A little while ago, I looked at a recent (and very strong) example of the Evil Kids movie. I mentioned some of the big names in the field (The Omen, the original Village of the Damned, The Bad Seed), but today, for your consideration, a half-forgotten effort from 1974 (smack in the midst of the golden era of grindhouse and drive-in sleaze): Devil Times Five.
Also known as People Toys and The Horrible House on the Hill, this cheap but satisfyingly unpleasant little movie sees a bus overturn, unleashing five homicidally demented children. They make their way through the snow to an isolated resort, whose only residents are the tycoon Papa Doc (Gene Evans, sporting a character name that is oh-so-tasteful), and his assorted squabbling relatives and associates. The children are taken in, and waste no time in bumping off the adults one by one by means mundane (hatchet to the head), creative (bizarre death swing contraption), and just plain wrong (one woman is drowned in the bathtub while pirana are dumped in with her).

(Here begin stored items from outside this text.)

(* For each $\tau\in(0,1)$ and any real-valued random variable $W$ with finite expectation which is not almost surely constant, there exist real-valued random variables $U$ and $V$ with $\mathbb{E} U \neq \mathbb{E} V$ such that \[ \mathbb{P}(W\in C) = (1-\tau)\,\mathbb{P}(U\in C) + \tau\,\mathbb{P}(V\in C) \] for all Borel sets $C\subseteq\mathbb{R}$. Moreover, if $W$ has finite variance, then $U$ and $V$ can be chosen to have finite variances as well. *)

theory Defs
  imports "HOL-Probability.Probability"
begin

end

theory Submission
  imports Defs
begin

(* Realise W as G \<omega> with \<omega> uniform on (0,1) and G the quantile function of W. Cutting (0,1)
   at 1 - \<tau> and rescaling both pieces back to (0,1) gives U s = G ((1 - \<tau>) s) and
   V s = G (1 - \<tau> + \<tau> s), whose laws mix with weights 1 - \<tau> and \<tau> to the law of W.
   Since G is monotone, U \<le> G (1 - \<tau>) \<le> V, so equal means force U = V = G (1 - \<tau>) almost
   surely, and then W is almost surely constant. *)

lemma nn_integral_interval_rescale:
  fixes f :: "real \<Rightarrow> ennreal" and a b :: real
  assumes [measurable]: "f \<in> borel_measurable borel" and "a < b"
  shows "(\<integral>\<^sup>+x. f x * indicator {a<..<b} x \<partial>lborel) =
    ennreal (b - a) * (\<integral>\<^sup>+s. f (a + (b - a) * s) * indicator {0<..<1} s \<partial>lborel)"
proof -
  have "a + (b - a) * s \<in> {a<..<b} \<longleftrightarrow> s \<in> {0<..<1}" for s
  proof -
    have "0 < b - a"
      using assms(2) by simp
    then have "0 < (b - a) * s \<longleftrightarrow> 0 < s" "(b - a) * s < (b - a) * 1 \<longleftrightarrow> s < 1"
      by (simp_all add: zero_less_mult_iff)
    then show ?thesis
      by auto
  qed
  then have indicator_rescaled: "indicator {a<..<b} (a + (b - a) * s) = (indicator {0<..<1} s :: ennreal)" for s
    unfolding indicator_def by presburger
  have "(\<integral>\<^sup>+x. f x * indicator {a<..<b} x \<partial>lborel) =
      ennreal \<bar>b - a\<bar> * (\<integral>\<^sup>+s. f (a + (b - a) * s) * indicator {a<..<b} (a + (b - a) * s) \<partial>lborel)"
    using assms(2) by (intro nn_integral_real_affine) auto
  also have "\<dots> = ennreal (b - a) * (\<integral>\<^sup>+s. f (a + (b - a) * s) * indicator {0<..<1} s \<partial>lborel)"
    using assms(2) by (simp only: indicator_rescaled abs_of_pos diff_gt_0_iff_gt)
  finally show ?thesis .
qed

There is nothing hugely exceptional about the film. It isn’t a lost classic, by any means. Much of the production values and performances wouldn’t be out of place in a TV movie of the same vintage, with only the gore and occasional nudity identifying the film as a theatrical release. Still and all, there are plenty of things to like here, even elements that aren’t entirely successful.
Let’s start with an example of the former. When the driver of the bus staggers into the basement of the lodge, he is ambushed by the kids. The picture goes black-and-white, the action switches to slow-motion, and the murder goes on and on and on, lasting several minutes of screen time. It’s too much. The scene ceases to be horrifying (if, in fact, it ever was), and turns into a curiosity. How long, one wonders is this going to go on? Why is this violence strangely soothing? Why am I falling asleep? But this very oddity gives the film a bit of character.
Other elements, speaking of character, work better. Consider a little scene fairly late in the film. Our sympathetic couple in the film are Rick (Taylor Lacher) and Julie (Joan McCall, who would later star in Grizzly and subsequently co-write another bear movie: Predator: The Concert). Julie and Papa Doc’s sluttish wife Lovely (Carolyn Stellar) engage in a cat-fight after Lovely claims not only to have slept with Rick before he and Julie were an item, but that she could have him again should she wish it. (This after she puts the moves on the mentally handicapped handyman – classy!) So we’re not all surprised when, later in the film, a drunk Lovely horns in on Rick as he emerges from the shower. Now, were the film to play out according to expectations, Rick would … how shall I put this… suffer a momentary lapse of reason, thus allowing the film to get an extra bit of exploitable flesh on screen at the expense of audience sympathy. Instead, rather refreshingly, Rick shows no sign of temptation whatsoever, and disposes of the attempted seduction with long-suffering good humour.
And there is a fair bit of humour going on, particularly around the ineffectual Harvey (Sorrell Brooke). Even the non-homicidal eccentricities of the kinds have some wit to them: one is disguised as a nun, one totes a toy gun and speaks in military slang, and yet another (Leif Garrett) is narcissistically consumed with his looks. All of this fun comes to a crashing halt, of course, as the slaughter mounts, culminating in an ending that is very much of its decade, if you know what I mean.
So exploitation fans could do far worse than to track this down. It’s available from a couple of sources. Code Red has released a cleaned-up letterboxed version. The one seen for this column is one of the fifty films included in the Tales of Terror pack. It’s a full-screen edition, from a print that is watchable but whose flaws rather add to the grindhouse experience.